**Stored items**
┄┄┄┄┄┄┄┄┄┄
definition heap_group :: "('a \<Rightarrow> 'a \<Rightarrow> 'a \<Rightarrow> 'a) \<Rightarrow> 'a \<Rightarrow> 'a monoid" where
  "heap_group h u = \<lparr>carrier = UNIV, mult = (\<lambda>a b. h a u b), one = u\<rparr>"

definition heap_pb :: "('a \<Rightarrow> 'a \<Rightarrow> 'a \<Rightarrow> 'a) \<Rightarrow> ('a arr \<times> 'a arr \<Rightarrow> 'a arr \<times> 'a arr)" where
  "heap_pb h = (\<lambda>(x, y). if pg_composable x y
      then ((fst x, h (fst x) (snd x) (snd y)), (h (fst x) (snd x) (snd y), snd y))
      else undefined)"

definition pb_heap :: "('a arr \<times> 'a arr \<Rightarrow> 'a arr \<times> 'a arr) \<Rightarrow> 'a \<Rightarrow> 'a \<Rightarrow> 'a \<Rightarrow> 'a" where
  "pb_heap \<sigma> a b c = snd (fst (\<sigma> ((a, b), (b, c))))"

end

theory Submission
  imports Defs
begin

text \<open>A pre-braiding \<sigma> on the groupoid of pairs is forced by the axioms on sources and targets to
  have the form \<sigma>([a,b]|[b,c]) = [a,m]|[m,c], so it is the same thing as the ternary operation
  m = \<langle>a,b,c\<rangle>. The two unit axioms of \<sigma> are the unit laws \<langle>a,b,b\<rangle> = a and \<langle>a,a,b\<rangle> = b.
  Read on [a,b]|[b,c]|[c,d], the compatibility of \<rightharpoonup> with composition in the second argument
  gives \<langle>a,b,d\<rangle> = \<langle>\<langle>a,b,c\<rangle>,c,d\<rangle>, and that of \<leftharpoonup> with composition in the first argument gives
  \<langle>a,c,d\<rangle> = \<langle>a,b,\<langle>b,c,d\<rangle>\<rangle>; together they are the heap associativity law, and conversely every
  heap satisfies both. Involutivity of \<sigma> reads \<langle>a,\<langle>a,b,c\<rangle>,c\<rangle> = b, which for the heap
  a b\<inverse> c of a group with unit 1 specialises to c\<inverse> b c = b.\<close>

lemma pg_composable_Pair [simp]: "pg_composable (a, b) (c, d) \<longleftrightarrow> b = c"
  by (simp add: pg_composable_def pg_src_def pg_tgt_def)

lemma pg_comp_Pair [simp]: "pg_comp (a, b) (c, d) = (a, d)"
  by (simp add: pg_comp_def pg_src_def pg_tgt_def)

lemma pg_Comp_iff: "((a, b), (c, d)) \<in> pg_Comp \<longleftrightarrow> b = c"
  by (simp add: pg_Comp_def)

lemma is_heapD:
  assumes "is_heap h"
  shows heap_right_unit: "h a b b = a"
    and heap_left_unit: "h a a b = b"
    and heap_assoc: "h a b (h c d e) = h (h a b c) d e"
  using assms by (auto simp: is_heap_def)

lemma heap_cancel_middle_left:
  assumes "is_heap h" shows "h (h a b c) c d = h a b d"
  by (simp add: assms heap_left_unit flip: heap_assoc[OF assms])

lemma heap_cancel_middle_right:
  assumes "is_heap h" shows "h a b (h b c d) = h a c d"
  by (simp add: assms heap_assoc heap_right_unit)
┄┄┄┄┄┄┄┄┄┄
**What this task involves**
In the entries above, find the line with "text \<open>A pre-braiding" and the line with "first argument gives", then set down exactly those two and every line between them, nothing else.

**Completed exercise**
text \<open>A pre-braiding \<sigma> on the groupoid of pairs is forced by the axioms on sources and targets to
  have the form \<sigma>([a,b]|[b,c]) = [a,m]|[m,c], so it is the same thing as the ternary operation
  m = \<langle>a,b,c\<rangle>. The two unit axioms of \<sigma> are the unit laws \<langle>a,b,b\<rangle> = a and \<langle>a,a,b\<rangle> = b.
  Read on [a,b]|[b,c]|[c,d], the compatibility of \<rightharpoonup> with composition in the second argument
  gives \<langle>a,b,d\<rangle> = \<langle>\<langle>a,b,c\<rangle>,c,d\<rangle>, and that of \<leftharpoonup> with composition in the first argument gives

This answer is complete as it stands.